Pediatrix/Obstetrix Medical Groups, Inc. and McGuff Pharmaceuticals, Inc., have entered into an agreement to support and conduct a clinical trial to test the weekly injection of 17-Alpha-Hydroxyprogesterone Caproate (17OHP) (250mg) as a potential treatment regimen for reduction of neonatal morbidity due to pre-term birth in twin and triplet pregnancies.
Premature delivery is a leading cause of neonatal morbidity and mortality in the United States. The past three decades have seen the introduction of a variety of strategies intended to reduce the rate of pre-term birth. Despite these efforts, the rate of pre-term delivery has been steadily rising and now approximately 12% of all pregnancies in the United States end in pre-term birth. Pre-maturity is the primary reason the United States ranks 28th among industrial nations in infant mortality rates. With the renewed enthusiasm following recent studies using Progesterone in pregnancies at risk for pre-term delivery, there is hope for a more efficacious and safer therapeutic intervention to arrest pre-term birth.
The clinical trials will be conducted through an FDA Registered Investigational New Drug application
(IND # 69536). The study is designed to incorporate two, concurrent, double-blinded, randomized clinical trials of 17OHP versus placebo. Each trial will test the efficacy and safety of 17OHP in women with a specific risk factor for pre-term birth. The two risk factors to be studied include twin pregnancy and triplet pregnancy. The trials will include 321-patients and have two groups: two thirds of the patients enrolled will receive a drug regimen consisting of weekly injections of Hydroxyprogesterone Caproate. The other one-third of patients will receive weekly injections of a placebo.
The study will be carried out at approximately 24 enrolling sites across the United States. Its purpose is to investigate whether patients who receive the study drug have better outcomes than those who do not. The primary outcome measure will be freedom from major neonatal morbidity, defined as one or more of the following:
- Perinatal death (still birth, neonatal death, or miscarriage after randomization)

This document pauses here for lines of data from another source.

definition tcenter :: "pt set \<Rightarrow> pt set \<Rightarrow> pt \<Rightarrow> pt" where
  "tcenter L S x = (THE l. l \<in> L \<and> x \<in> translate S l)"

primrec folded_row :: "pt set \<Rightarrow> pt set \<Rightarrow> pt \<Rightarrow> nat \<Rightarrow> pt" where
  "folded_row L S d 0 = (0, 0)"
| "folded_row L S d (Suc k) =
     psub (padd (folded_row L S d k) d) (tcenter L S (padd (folded_row L S d k) d))"

definition ternary_nonzero :: "pt \<Rightarrow> bool" where
  "ternary_nonzero d \<longleftrightarrow> fst d \<in> {-1, 0, 1} \<and> snd d \<in> {-1, 0, 1} \<and> d \<noteq> (0, 0)"

definition is_folding :: "pt set \<Rightarrow> pt set \<Rightarrow> pt \<Rightarrow> bool" where
  "is_folding L S d \<longleftrightarrow> (\<forall>x\<in>S. \<exists>i. folded_row L S d i = x)"

text \<open>The folded array extended periodically: f(p_i + l) = s_i.\<close>
definition folded_array :: "pt set \<Rightarrow> pt set \<Rightarrow> pt \<Rightarrow> (nat \<Rightarrow> nat) \<Rightarrow> pt \<Rightarrow> nat" where
  "folded_array L S d s x = s (LEAST i. folded_row L S d i = psub x (tcenter L S x))"

definition window_property ::
  "pt set \<Rightarrow> pt set \<Rightarrow> pt \<Rightarrow> (nat \<Rightarrow> nat) \<Rightarrow> nat \<Rightarrow> nat \<Rightarrow> bool" where
  "window_property L S d s k1 k2 \<longleftrightarrow>
     (\<forall>M :: nat \<Rightarrow> nat \<Rightarrow> nat.
        (\<forall>r<k1. \<forall>c<k2. M r c \<le> 1) \<longrightarrow> (\<exists>r<k1. \<exists>c<k2. M r c \<noteq> 0) \<longrightarrow>
        (\<exists>!x. x \<in> S \<and>
           (\<forall>r<k1. \<forall>c<k2. folded_array L S d s (padd x (int r, int c)) = M r c)))"

definition least_period :: "(nat \<Rightarrow> nat) \<Rightarrow> nat \<Rightarrow> bool" where
  "least_period s n \<longleftrightarrow> 0 < n \<and> (\<forall>i. s (i + n) = s i) \<and>
     (\<forall>p. 0 < p \<and> p < n \<longrightarrow> \<not> (\<forall>i. s (i + p) = s i))"

definition m_sequence :: "(nat \<Rightarrow> nat) \<Rightarrow> nat \<Rightarrow> bool" where
  "m_sequence s n \<longleftrightarrow> (\<forall>i. s i \<le> 1) \<and>
     (\<exists>m (c :: nat \<Rightarrow> nat). (\<forall>j<m. c j \<le> 1) \<and> n = 2 ^ m - 1 \<and>
        (\<forall>i. s (i + m) = (\<Sum>j<m. c j * s (i + j)) mod 2)) \<and>
     least_period s n"

end

theory Submission
  imports Defs
begin

(* Folding with respect to a lattice L only depends on residues modulo L:
   the folded-row point p_i is the representative in the tile S of the point i*d, so
   p_i equals the representative of x exactly when i*d and x are congruent modulo L.
   Hence the periodically extended folded array is f(x) = s(least i with i*d = x mod L),
   a function that does not mention the tile at all.  Two shapes tiled by the same
   lattice therefore carry the SAME array on Z^2, and since every window content is
   invariant under lattice translations, a content occurs exactly once with anchor in
   one fundamental domain iff it does so in any other. *)

definition additive_subgroup :: "pt set \<Rightarrow> bool" where
  "additive_subgroup L \<longleftrightarrow> (0, 0) \<in> L \<and> (\<forall>a\<in>L. \<forall>b\<in>L. psub a b \<in> L)"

- Respiratory Distress syndrome (clinically defined by Neonatologist, requirement for intubation, surfactant therapy, radiographic evidence of hyaline membrane disease).
- Use of oxygen therapy at 28 days of newborn life.
- Neonatal sepsis, clinically-defined, with positive blood culture.
- Pneumonia, clinically defined.
- Intraventricular hemorrhage grade 3 or 4
- Periventricular leukomalacia
- Necrotizing enterocolitis requiring surgery
- Retinopathy of pre-maturity
- Newborn asphyxia, defined as arterial pH < 7.0 (cord blood or newborn blood) with ischemic injury of brain, heart, kidneys or liver.
About the 17OHP Study Sponsors and Partners:
Since 1979, Pediatrix has evolved from a small group practice into a national physician group that specializes in both neonatal and maternal-fetal services. Today, Pediatrix employs more than 630 neonatologists and maternal-fetal physician sub specialists, as well as pediatric sub specialists, advanced practitioners and other clinical professionals.
Pediatrix created the Pediatrix-Obstetrix Center for Research and Education so that in sharing new advances and knowledge among physicians and advanced practitioners, they will have the opportunity to discover, better understand and teach health care practices that improve the lives of mothers, children and their families. In the long term, Pediatrix believes the Center will be recognized as the site of choice for clinical research involving newborns and women with complicated pregnancies. Obstetrix Medical Group, a Pediatrix Medical Group subsidiary, is a national group of maternal-fetal physicians who daily work with and understand the special needs involved when caring for at-risk patients.
Maternal-fetal specialists are obstetricians who receive extensive education and training for the treatment of high-risk expectant mothers and their fetuses. McGuff Pharmaceuticals, Inc. is a US Food and Drug Administration (FDA) registered, ISO9000 certified contract and generic manufacturer of sterile, injectable, pharmaceuticals. McGuff Pharmaceuticals, Inc. is focused on providing small volume, sterile pharmaceutical products to support the physician and hospital markets.
McGuff Pharmaceuticals, Inc. is uniquely organized with advanced production facilities, innovative leadership and a corporate-wide commitment to the highest standards of quality that drives the production of pilot, preclinical, clinical and commercial production of sterile products. Their services include product development assistance, pre-clinical production, IND support and clinical materials production, as well as contract manufacturing services.